§ **Records for the exercise**
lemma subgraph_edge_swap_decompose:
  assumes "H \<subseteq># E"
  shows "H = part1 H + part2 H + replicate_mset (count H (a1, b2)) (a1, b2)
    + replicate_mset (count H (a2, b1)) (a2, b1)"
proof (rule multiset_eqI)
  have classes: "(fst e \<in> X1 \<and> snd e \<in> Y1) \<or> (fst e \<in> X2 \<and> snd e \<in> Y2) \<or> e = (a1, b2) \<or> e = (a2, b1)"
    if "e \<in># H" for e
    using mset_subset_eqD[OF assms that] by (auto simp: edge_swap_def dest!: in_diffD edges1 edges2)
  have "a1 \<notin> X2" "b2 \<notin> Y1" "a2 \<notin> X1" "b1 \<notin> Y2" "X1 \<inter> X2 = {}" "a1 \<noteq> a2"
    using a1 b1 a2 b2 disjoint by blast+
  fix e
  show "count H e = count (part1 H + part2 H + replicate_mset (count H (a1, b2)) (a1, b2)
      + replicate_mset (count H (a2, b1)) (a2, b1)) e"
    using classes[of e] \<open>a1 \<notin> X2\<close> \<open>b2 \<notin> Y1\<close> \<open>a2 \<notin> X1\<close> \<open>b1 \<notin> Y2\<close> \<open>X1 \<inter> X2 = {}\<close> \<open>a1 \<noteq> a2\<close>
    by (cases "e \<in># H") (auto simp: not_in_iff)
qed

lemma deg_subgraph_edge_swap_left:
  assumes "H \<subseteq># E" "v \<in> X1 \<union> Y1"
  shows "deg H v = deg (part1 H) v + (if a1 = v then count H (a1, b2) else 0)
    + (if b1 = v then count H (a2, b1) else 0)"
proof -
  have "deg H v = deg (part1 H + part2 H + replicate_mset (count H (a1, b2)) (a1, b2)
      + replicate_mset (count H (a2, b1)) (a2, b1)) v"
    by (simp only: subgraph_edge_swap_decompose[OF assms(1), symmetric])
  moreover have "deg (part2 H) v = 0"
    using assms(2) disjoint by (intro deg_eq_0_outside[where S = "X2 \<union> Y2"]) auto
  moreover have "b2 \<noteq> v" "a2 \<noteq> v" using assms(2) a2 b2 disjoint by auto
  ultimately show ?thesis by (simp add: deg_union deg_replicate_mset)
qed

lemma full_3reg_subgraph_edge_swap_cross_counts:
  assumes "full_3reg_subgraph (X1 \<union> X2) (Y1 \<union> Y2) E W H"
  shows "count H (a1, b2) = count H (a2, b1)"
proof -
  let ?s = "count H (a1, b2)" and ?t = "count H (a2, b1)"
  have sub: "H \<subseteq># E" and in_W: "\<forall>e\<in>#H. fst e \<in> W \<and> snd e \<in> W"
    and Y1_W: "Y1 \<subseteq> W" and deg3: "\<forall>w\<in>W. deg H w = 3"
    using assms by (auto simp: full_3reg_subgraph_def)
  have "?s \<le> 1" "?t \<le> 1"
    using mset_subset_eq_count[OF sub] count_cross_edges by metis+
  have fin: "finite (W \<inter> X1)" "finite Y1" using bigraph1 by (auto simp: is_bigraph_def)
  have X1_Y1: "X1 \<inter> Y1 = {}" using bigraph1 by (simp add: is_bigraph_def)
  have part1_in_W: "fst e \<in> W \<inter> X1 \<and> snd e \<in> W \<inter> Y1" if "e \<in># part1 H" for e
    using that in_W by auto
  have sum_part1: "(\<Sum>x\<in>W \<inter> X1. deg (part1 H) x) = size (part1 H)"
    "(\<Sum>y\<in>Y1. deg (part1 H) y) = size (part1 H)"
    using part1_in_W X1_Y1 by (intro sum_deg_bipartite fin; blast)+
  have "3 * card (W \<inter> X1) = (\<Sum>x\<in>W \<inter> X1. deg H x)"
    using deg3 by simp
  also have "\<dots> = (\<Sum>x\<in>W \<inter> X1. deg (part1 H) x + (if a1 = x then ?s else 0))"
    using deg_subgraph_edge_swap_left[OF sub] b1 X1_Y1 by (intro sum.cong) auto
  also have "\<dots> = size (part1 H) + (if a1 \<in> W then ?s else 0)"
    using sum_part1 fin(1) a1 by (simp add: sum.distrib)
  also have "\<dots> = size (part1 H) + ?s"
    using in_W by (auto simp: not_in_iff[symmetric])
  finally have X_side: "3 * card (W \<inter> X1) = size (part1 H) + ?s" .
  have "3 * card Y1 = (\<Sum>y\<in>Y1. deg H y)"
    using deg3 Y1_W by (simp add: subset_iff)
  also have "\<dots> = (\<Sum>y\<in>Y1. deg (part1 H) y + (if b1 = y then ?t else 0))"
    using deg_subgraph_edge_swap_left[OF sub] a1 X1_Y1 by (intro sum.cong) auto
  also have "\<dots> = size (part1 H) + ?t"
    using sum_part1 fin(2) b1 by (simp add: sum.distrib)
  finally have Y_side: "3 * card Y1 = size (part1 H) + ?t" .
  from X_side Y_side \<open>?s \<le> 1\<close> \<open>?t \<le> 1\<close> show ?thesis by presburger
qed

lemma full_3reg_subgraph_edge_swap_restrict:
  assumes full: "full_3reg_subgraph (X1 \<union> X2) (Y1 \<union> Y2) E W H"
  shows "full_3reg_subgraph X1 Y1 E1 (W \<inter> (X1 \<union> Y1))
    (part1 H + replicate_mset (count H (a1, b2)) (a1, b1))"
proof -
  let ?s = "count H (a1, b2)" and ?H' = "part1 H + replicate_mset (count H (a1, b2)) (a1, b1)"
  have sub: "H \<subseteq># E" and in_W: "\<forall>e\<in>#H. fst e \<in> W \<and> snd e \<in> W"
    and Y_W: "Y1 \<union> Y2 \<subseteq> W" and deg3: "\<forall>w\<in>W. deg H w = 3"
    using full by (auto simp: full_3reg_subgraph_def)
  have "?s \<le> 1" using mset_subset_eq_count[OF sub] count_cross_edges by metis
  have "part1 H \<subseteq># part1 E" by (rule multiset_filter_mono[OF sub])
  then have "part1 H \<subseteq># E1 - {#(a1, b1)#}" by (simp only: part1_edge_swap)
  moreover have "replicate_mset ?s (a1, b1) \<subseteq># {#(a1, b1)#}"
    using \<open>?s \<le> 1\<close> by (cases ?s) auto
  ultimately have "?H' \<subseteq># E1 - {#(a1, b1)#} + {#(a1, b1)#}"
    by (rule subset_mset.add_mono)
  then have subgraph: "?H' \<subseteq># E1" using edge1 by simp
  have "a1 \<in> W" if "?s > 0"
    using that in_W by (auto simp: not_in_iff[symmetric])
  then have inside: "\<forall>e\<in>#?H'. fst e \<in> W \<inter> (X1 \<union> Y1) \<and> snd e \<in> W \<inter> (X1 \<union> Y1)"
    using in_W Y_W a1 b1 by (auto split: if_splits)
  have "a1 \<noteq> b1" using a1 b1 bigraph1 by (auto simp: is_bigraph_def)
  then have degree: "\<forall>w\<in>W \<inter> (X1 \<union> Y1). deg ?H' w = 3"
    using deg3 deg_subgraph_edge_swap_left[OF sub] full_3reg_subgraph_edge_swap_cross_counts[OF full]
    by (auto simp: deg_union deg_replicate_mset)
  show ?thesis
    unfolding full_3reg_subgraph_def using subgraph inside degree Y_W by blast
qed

==

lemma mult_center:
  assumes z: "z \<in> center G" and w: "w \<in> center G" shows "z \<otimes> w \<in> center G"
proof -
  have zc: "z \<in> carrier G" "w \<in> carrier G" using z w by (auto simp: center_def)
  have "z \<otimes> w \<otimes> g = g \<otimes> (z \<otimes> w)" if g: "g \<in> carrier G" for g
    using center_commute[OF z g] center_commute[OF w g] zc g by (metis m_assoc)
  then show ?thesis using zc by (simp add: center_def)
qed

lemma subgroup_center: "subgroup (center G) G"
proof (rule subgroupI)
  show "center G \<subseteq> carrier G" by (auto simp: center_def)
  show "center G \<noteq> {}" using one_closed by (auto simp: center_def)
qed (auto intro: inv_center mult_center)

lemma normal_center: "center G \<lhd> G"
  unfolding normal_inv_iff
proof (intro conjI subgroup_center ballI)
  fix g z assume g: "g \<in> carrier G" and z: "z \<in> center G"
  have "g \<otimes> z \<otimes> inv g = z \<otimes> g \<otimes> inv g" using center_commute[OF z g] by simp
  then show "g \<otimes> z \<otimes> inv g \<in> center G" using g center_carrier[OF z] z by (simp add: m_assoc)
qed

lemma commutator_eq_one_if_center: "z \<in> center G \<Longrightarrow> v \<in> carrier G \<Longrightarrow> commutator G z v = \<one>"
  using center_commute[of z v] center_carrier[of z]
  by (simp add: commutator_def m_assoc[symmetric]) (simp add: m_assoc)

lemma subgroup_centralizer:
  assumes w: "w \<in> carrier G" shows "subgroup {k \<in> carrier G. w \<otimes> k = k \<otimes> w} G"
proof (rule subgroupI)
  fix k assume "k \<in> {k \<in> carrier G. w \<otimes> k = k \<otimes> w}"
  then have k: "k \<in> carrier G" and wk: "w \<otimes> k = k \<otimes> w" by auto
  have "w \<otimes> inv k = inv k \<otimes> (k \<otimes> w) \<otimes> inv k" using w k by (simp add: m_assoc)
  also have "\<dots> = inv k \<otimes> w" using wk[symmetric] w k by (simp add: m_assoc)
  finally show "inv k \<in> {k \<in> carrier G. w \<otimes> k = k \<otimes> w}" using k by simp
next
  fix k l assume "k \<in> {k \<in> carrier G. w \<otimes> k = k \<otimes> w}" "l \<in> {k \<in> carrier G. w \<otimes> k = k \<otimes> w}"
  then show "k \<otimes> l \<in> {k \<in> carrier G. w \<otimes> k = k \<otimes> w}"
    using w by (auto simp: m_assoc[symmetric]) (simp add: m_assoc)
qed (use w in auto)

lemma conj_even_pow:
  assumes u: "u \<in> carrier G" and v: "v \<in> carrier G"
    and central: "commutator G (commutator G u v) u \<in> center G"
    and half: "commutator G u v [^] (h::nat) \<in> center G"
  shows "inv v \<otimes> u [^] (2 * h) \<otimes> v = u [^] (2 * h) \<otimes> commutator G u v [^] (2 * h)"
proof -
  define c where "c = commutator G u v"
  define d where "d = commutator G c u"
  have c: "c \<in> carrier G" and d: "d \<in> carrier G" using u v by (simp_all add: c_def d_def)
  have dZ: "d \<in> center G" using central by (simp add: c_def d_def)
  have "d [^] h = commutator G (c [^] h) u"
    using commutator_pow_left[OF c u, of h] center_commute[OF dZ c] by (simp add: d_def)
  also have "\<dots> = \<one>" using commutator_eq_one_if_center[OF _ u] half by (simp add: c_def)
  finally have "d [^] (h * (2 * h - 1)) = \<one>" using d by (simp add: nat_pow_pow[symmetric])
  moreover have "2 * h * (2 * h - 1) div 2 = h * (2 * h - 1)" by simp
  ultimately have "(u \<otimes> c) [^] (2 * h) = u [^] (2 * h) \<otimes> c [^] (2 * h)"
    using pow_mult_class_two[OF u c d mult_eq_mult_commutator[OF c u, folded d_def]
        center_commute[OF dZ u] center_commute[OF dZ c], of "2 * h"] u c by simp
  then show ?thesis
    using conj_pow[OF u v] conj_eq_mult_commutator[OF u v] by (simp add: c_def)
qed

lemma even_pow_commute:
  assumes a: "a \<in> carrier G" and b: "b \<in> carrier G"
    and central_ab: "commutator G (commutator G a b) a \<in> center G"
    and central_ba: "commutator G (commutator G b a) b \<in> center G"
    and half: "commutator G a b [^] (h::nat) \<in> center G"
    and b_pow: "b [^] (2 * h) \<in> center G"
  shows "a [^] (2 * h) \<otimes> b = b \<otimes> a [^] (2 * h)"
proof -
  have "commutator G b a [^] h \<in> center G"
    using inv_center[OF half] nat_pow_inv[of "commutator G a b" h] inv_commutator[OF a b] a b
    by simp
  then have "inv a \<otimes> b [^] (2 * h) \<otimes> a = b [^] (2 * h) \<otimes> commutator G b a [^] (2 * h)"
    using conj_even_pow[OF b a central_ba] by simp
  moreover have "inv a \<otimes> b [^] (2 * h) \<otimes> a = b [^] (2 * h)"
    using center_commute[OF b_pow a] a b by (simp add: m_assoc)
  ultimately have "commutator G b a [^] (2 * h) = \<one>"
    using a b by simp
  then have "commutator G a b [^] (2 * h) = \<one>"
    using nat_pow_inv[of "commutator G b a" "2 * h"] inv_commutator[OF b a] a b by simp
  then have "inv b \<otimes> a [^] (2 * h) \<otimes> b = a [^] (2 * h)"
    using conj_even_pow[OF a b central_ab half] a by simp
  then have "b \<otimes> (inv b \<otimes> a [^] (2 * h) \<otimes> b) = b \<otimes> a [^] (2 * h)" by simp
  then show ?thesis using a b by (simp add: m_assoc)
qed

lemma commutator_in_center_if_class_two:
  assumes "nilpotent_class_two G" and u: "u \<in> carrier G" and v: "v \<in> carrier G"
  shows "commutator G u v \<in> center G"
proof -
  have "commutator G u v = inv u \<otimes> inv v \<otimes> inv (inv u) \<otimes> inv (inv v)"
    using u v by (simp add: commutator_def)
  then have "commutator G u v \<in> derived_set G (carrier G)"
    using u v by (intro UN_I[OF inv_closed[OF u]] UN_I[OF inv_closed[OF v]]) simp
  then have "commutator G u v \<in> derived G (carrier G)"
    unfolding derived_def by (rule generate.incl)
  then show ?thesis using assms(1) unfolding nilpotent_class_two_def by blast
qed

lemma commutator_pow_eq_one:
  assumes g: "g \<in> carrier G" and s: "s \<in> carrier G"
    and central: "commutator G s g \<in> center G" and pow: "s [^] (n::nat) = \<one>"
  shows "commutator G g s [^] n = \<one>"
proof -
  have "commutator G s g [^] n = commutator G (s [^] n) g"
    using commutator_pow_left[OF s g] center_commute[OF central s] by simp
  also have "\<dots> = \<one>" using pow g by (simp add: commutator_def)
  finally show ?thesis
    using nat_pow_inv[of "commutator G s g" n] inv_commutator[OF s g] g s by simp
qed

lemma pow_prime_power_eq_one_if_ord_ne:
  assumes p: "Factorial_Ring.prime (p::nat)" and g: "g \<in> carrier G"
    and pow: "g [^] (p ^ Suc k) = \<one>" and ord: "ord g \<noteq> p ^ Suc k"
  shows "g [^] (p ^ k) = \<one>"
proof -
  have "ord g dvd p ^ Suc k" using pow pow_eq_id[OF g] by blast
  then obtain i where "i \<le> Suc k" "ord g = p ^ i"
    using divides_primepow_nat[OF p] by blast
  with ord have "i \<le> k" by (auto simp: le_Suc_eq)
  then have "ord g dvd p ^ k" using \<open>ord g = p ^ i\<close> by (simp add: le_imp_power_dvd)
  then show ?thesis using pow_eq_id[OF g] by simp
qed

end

§ **Work order**
For this exercise, please output exactly the lines above starting at the line with "(part1 H) y)" and ending at the line with "using deg3 Y1_W by (simp add: subset_iff)", ends included.

§ **Task result**
    "(\<Sum>y\<in>Y1. deg (part1 H) y) = size (part1 H)"
    using part1_in_W X1_Y1 by (intro sum_deg_bipartite fin; blast)+
  have "3 * card (W \<inter> X1) = (\<Sum>x\<in>W \<inter> X1. deg H x)"
    using deg3 by simp
  also have "\<dots> = (\<Sum>x\<in>W \<inter> X1. deg (part1 H) x + (if a1 = x then ?s else 0))"
    using deg_subgraph_edge_swap_left[OF sub] b1 X1_Y1 by (intro sum.cong) auto
  also have "\<dots> = size (part1 H) + (if a1 \<in> W then ?s else 0)"
    using sum_part1 fin(1) a1 by (simp add: sum.distrib)
  also have "\<dots> = size (part1 H) + ?s"
    using in_W by (auto simp: not_in_iff[symmetric])
  finally have X_side: "3 * card (W \<inter> X1) = size (part1 H) + ?s" .
  have "3 * card Y1 = (\<Sum>y\<in>Y1. deg H y)"
    using deg3 Y1_W by (simp add: subset_iff)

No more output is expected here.